→ Work request: Please copy out the entries below exactly, beginning with the line that contains "define P\<^sub>D where" and ending with the line that contains "insert.prems(2) unfolding P\<^sub>D_def by blast", and include nothing outside that span.

[Material provided — start]

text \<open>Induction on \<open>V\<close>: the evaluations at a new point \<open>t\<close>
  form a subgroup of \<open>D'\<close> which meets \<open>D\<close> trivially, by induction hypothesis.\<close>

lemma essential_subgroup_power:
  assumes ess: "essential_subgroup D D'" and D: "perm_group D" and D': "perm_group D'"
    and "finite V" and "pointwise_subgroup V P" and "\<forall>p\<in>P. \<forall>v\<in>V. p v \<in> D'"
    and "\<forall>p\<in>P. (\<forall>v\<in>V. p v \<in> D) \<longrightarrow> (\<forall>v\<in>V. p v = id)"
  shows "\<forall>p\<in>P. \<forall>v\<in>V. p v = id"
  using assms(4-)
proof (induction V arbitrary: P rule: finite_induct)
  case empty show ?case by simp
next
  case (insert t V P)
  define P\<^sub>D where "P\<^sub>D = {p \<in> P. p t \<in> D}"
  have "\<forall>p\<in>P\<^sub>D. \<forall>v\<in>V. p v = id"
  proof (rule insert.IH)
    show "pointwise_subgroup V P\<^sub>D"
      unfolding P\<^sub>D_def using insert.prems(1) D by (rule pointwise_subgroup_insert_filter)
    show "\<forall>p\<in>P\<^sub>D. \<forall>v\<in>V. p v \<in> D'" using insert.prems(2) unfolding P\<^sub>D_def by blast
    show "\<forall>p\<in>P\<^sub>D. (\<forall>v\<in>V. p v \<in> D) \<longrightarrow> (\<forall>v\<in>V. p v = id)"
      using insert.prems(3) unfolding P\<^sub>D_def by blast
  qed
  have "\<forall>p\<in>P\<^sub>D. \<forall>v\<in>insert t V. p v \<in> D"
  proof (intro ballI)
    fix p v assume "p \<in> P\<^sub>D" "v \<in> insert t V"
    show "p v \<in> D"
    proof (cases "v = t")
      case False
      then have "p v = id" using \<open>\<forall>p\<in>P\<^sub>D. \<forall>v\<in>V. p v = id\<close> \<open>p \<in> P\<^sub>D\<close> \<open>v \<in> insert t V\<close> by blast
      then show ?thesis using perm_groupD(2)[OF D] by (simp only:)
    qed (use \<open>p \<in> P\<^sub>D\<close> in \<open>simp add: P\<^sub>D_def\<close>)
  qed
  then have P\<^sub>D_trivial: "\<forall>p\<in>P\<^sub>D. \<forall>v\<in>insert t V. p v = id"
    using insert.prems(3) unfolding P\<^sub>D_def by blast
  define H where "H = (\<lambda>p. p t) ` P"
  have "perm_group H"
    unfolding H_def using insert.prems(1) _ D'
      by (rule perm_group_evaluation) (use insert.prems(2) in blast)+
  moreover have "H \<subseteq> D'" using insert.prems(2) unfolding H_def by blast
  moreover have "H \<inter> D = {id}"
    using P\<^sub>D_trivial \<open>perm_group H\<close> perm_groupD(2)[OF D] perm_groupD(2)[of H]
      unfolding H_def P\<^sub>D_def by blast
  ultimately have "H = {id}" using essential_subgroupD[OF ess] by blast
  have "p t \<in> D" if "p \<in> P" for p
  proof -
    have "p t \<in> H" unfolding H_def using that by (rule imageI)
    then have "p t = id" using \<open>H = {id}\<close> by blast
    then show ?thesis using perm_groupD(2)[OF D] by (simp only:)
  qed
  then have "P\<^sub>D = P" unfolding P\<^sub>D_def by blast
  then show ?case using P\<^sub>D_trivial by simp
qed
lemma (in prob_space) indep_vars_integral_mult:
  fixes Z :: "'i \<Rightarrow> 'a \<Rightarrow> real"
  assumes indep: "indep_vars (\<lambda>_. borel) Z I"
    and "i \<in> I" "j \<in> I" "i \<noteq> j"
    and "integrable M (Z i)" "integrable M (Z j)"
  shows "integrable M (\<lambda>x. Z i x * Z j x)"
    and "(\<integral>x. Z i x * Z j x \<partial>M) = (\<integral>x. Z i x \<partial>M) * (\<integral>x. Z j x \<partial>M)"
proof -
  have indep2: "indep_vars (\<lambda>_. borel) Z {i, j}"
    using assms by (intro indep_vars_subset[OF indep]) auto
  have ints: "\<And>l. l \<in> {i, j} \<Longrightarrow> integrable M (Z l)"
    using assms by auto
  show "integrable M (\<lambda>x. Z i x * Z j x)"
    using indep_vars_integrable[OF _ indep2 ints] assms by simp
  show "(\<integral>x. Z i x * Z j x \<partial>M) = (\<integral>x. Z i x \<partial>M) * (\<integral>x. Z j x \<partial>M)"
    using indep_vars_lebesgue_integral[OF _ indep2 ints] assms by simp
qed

[Material provided — finish]
[Material provided — start]

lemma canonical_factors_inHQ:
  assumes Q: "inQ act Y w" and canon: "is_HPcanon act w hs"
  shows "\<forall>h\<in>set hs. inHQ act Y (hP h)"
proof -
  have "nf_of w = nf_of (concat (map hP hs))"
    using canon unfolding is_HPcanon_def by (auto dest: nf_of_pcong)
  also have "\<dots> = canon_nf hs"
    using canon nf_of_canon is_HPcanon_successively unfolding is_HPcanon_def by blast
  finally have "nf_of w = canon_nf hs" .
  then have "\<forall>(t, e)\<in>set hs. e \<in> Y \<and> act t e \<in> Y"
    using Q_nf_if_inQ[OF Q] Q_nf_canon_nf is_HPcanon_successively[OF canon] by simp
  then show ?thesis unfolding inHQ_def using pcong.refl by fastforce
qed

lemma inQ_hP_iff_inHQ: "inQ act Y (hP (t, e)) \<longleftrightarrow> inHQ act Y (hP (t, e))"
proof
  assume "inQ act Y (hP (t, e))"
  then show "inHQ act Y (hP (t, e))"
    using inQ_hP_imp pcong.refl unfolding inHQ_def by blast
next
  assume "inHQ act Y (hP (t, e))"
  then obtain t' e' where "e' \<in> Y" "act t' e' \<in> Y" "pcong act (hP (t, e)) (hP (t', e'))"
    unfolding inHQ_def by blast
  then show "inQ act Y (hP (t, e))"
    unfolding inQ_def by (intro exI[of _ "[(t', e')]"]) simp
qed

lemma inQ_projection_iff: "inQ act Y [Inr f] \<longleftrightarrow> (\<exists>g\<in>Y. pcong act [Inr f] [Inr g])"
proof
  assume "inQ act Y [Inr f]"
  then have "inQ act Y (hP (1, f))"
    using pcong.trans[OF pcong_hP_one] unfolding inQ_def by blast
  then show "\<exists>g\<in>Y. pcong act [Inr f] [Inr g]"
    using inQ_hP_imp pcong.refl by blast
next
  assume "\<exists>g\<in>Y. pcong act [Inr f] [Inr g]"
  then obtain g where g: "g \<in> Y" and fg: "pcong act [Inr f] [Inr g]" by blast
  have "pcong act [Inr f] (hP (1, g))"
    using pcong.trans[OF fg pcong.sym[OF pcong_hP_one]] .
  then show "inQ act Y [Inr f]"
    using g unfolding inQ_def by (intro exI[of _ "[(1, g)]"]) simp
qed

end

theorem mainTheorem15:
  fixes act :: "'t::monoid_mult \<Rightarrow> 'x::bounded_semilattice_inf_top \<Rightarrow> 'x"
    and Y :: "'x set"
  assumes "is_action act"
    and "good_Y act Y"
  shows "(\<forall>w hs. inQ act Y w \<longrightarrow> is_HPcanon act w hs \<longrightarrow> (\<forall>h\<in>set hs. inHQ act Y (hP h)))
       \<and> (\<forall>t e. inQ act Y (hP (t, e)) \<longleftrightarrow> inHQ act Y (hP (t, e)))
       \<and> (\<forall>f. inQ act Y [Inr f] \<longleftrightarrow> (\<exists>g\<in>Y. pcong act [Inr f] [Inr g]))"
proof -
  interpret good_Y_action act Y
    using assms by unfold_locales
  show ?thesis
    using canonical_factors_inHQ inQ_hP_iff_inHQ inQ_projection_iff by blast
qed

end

[Material provided — finish]

→ Task output:
  define P\<^sub>D where "P\<^sub>D = {p \<in> P. p t \<in> D}"
  have "\<forall>p\<in>P\<^sub>D. \<forall>v\<in>V. p v = id"
  proof (rule insert.IH)
    show "pointwise_subgroup V P\<^sub>D"
      unfolding P\<^sub>D_def using insert.prems(1) D by (rule pointwise_subgroup_insert_filter)
    show "\<forall>p\<in>P\<^sub>D. \<forall>v\<in>V. p v \<in> D'" using insert.prems(2) unfolding P\<^sub>D_def by blast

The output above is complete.